*What the task requires*. Beginning with the first line below, please restate each line exactly, down to and including the line containing "y u = gdist E x v".

___ Records supplied

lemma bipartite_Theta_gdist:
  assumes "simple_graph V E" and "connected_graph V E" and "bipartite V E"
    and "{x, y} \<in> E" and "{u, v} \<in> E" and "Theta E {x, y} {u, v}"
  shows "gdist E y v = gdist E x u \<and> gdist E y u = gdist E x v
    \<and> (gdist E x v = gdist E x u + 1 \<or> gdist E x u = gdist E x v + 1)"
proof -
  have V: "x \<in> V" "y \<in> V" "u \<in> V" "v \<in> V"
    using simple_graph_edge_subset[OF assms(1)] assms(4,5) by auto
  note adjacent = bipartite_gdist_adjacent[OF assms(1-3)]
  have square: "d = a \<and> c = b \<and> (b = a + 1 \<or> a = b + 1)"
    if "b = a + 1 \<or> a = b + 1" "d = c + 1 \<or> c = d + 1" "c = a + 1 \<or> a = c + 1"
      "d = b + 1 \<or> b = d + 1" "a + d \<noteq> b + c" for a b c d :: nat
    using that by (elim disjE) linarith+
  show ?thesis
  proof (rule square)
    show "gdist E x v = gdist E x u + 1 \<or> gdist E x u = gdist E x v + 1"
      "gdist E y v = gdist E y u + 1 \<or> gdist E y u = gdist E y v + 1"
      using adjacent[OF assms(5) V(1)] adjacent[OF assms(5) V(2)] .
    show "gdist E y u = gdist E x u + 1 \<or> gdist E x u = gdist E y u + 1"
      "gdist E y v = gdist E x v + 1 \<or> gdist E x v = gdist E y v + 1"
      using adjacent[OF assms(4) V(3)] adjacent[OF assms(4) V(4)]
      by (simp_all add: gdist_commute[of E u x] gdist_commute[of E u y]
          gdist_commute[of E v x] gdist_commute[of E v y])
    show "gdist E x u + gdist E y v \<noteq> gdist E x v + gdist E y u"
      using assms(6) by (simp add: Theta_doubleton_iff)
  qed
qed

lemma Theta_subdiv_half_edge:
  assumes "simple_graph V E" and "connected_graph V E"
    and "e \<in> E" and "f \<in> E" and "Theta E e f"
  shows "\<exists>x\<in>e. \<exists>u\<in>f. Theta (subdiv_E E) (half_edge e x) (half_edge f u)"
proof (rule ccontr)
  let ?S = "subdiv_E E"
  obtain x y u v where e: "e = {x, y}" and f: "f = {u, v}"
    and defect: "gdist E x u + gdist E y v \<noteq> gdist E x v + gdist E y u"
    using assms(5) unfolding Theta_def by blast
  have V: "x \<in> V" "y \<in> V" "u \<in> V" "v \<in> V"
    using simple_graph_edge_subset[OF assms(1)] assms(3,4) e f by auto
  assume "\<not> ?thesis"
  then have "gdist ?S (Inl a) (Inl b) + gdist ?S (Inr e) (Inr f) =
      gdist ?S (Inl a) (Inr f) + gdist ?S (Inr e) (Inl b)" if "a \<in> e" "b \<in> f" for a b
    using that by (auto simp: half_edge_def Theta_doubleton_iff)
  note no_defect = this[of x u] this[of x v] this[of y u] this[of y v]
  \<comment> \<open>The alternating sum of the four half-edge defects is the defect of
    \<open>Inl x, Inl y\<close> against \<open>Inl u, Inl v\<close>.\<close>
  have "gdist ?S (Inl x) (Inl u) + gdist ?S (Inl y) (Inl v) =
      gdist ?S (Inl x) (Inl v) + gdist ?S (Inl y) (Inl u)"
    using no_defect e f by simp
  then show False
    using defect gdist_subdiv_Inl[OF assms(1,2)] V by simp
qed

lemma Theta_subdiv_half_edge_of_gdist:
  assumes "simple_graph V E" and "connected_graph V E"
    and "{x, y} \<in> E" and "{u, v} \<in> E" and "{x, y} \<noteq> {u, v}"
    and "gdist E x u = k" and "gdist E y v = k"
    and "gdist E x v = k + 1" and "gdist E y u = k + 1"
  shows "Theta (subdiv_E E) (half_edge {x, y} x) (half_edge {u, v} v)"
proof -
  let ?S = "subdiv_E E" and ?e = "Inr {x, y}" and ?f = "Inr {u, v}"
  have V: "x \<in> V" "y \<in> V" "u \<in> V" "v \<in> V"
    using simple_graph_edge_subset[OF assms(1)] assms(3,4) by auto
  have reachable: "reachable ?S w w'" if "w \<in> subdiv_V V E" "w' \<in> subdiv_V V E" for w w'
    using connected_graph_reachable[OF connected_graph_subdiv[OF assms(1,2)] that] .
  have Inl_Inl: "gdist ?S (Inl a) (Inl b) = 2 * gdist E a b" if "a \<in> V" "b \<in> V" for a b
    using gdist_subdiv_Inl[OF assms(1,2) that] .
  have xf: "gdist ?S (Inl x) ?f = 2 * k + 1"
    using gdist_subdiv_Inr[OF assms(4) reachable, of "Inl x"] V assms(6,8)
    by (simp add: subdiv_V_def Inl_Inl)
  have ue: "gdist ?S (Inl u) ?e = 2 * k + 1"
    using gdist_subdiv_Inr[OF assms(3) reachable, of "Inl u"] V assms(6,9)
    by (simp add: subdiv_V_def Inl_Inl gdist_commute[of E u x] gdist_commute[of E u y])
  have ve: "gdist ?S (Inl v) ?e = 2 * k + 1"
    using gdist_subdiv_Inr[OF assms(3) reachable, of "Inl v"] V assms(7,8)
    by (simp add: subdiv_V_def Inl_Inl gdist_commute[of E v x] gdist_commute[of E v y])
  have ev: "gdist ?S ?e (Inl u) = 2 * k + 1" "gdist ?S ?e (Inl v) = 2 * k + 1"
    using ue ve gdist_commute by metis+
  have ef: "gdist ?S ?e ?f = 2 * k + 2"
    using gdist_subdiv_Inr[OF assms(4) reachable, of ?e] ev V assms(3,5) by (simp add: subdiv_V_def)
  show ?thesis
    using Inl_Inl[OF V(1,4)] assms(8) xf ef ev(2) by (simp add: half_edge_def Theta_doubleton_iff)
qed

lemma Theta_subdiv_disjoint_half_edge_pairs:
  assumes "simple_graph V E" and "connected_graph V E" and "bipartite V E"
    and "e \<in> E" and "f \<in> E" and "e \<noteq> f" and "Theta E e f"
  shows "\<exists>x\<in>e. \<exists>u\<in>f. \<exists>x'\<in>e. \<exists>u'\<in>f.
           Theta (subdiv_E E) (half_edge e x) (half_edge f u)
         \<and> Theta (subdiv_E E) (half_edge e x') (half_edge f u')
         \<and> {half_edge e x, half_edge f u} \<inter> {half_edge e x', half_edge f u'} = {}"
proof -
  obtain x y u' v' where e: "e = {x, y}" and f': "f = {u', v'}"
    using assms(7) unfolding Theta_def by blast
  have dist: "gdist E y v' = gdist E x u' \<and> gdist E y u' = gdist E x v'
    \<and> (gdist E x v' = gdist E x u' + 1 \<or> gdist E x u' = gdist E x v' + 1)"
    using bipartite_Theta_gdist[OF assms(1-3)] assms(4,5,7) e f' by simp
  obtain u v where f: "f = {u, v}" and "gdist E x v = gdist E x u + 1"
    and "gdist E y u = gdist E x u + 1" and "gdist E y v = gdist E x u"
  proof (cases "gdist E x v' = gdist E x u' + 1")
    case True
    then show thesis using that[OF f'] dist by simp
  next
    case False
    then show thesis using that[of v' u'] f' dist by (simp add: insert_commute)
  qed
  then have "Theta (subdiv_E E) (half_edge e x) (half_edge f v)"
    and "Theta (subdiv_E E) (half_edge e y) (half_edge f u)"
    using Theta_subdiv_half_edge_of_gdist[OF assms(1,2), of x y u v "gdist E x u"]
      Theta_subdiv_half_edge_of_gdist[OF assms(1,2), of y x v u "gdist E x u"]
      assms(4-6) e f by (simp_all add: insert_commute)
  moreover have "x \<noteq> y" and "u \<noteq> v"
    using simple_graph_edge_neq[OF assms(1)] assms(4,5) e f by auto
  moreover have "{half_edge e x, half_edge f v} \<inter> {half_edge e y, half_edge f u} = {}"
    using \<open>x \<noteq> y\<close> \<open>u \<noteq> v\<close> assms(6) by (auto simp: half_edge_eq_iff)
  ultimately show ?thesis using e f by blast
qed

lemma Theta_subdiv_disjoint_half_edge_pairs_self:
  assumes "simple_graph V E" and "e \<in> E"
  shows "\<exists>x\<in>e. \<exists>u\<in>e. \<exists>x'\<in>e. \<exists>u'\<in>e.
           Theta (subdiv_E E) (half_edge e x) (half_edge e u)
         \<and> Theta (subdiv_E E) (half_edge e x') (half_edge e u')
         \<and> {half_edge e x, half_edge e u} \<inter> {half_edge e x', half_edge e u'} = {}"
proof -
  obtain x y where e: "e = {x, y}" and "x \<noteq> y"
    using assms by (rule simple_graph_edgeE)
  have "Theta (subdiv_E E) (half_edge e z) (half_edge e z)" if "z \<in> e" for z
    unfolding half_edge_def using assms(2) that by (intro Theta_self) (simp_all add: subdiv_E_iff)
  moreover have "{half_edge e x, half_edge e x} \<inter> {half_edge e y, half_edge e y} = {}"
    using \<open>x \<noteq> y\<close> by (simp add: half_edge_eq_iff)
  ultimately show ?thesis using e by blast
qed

______

*Answer box*.
lemma bipartite_Theta_gdist:
  assumes "simple_graph V E" and "connected_graph V E" and "bipartite V E"
    and "{x, y} \<in> E" and "{u, v} \<in> E" and "Theta E {x, y} {u, v}"
  shows "gdist E y v = gdist E x u \<and> gdist E y u = gdist E x v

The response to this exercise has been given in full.